TASK BRIEF:
There is a line below that contains "using card_transporter[OF \<phi>]". Please reproduce it and all following lines exactly, through the final one.

[EXERCISE DATA — start]

lemma group_action_conj: "group_action G (Hom_sigma \<Gamma> \<sigma> G) conj_action"
proof (rule group_action_restrict[OF G.is_group])
  show "conj_act \<Gamma> G h \<phi> \<in> Hom_sigma \<Gamma> \<sigma> G"
    if "h \<in> carrier G" "\<phi> \<in> Hom_sigma \<Gamma> \<sigma> G" for h \<phi>
    using that(2,1) by (rule conj_act_Hom_sigma)
next
  fix h k \<phi> assume h: "h \<in> carrier G" and k: "k \<in> carrier G" and \<phi>: "\<phi> \<in> Hom_sigma \<Gamma> \<sigma> G"
  have "\<phi> \<in> Hom \<Gamma> G" using \<phi> by (simp add: Hom_sigma_def)
  then show "conj_act \<Gamma> G (h \<otimes>\<^bsub>G\<^esub> k) \<phi> = conj_act \<Gamma> G h (conj_act \<Gamma> G k \<phi>)"
    using h k by (rule conj_act_mult[OF G.is_group])
next
  fix \<phi> assume "\<phi> \<in> Hom_sigma \<Gamma> \<sigma> G"
  then show "conj_act \<Gamma> G \<one>\<^bsub>G\<^esub> \<phi> = \<phi>"
    by (simp add: Hom_sigma_def conj_act_one[OF G.is_group])
qed

lemma card_intertwiners:
  assumes \<phi>: "\<phi> \<in> Hom_sigma \<Gamma> \<sigma> G"
  shows "card (intertwiners \<phi>) = card (stabilizer G conj_action \<phi>)"
proof -
  interpret group_action G "Hom_sigma \<Gamma> \<sigma> G" conj_action by (rule group_action_conj)
  obtain g0 where g0: "g0 \<in> intertwiners \<phi>" and \<phi>hom: "\<phi> \<in> hom \<Gamma> G"
    using \<phi> by (auto simp: Hom_sigma_eq Hom_def)
  have g0G: "g0 \<in> carrier G" using g0 by (simp add: intertwiners_def)
  let ?T = "{h \<in> carrier G. conj_action h \<phi> = conj_action (inv\<^bsub>G\<^esub> g0) \<phi>}"
  have T: "?T = {h \<in> carrier G. conj_act \<Gamma> G h \<phi> = twist \<Gamma> \<sigma> \<phi>}"
    using \<phi> g0 g0G intertwiner_iff_conj[OF \<phi>hom] by auto
  have inv_mem: "inv\<^bsub>G\<^esub> h \<in> intertwiners \<phi> \<longleftrightarrow> conj_act \<Gamma> G h \<phi> = twist \<Gamma> \<sigma> \<phi>"
    if "h \<in> carrier G" for h
    using intertwiner_iff_conj[OF \<phi>hom, of "inv\<^bsub>G\<^esub> h"] that by simp
  have in_carrier: "intertwiners \<phi> \<subseteq> carrier G" by (auto simp: intertwiners_def)
  text \<open>Inversion identifies the intertwiners with the transporter from \<open>\<phi>\<close> to its twist.\<close>
  have "bij_betw (m_inv G) (intertwiners \<phi>) ?T"
    unfolding T
  proof (rule bij_betw_byWitness[where f' = "m_inv G"])
    show "m_inv G ` intertwiners \<phi> \<subseteq> {h \<in> carrier G. conj_act \<Gamma> G h \<phi> = twist \<Gamma> \<sigma> \<phi>}"
      using in_carrier intertwiner_iff_conj[OF \<phi>hom] by auto
    show "m_inv G ` {h \<in> carrier G. conj_act \<Gamma> G h \<phi> = twist \<Gamma> \<sigma> \<phi>} \<subseteq> intertwiners \<phi>"
      using inv_mem by auto
  qed (use in_carrier in auto)
  then have "card (intertwiners \<phi>) = card ?T" by (rule bij_betw_same_card)
  also have "\<dots> = card (stabilizer G conj_action \<phi>)"
    using card_transporter[OF \<phi>] g0G by simp
  finally show ?thesis .
qed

[EXERCISE DATA — finish]

THE ANSWER:
    using card_transporter[OF \<phi>] g0G by simp
  finally show ?thesis .
qed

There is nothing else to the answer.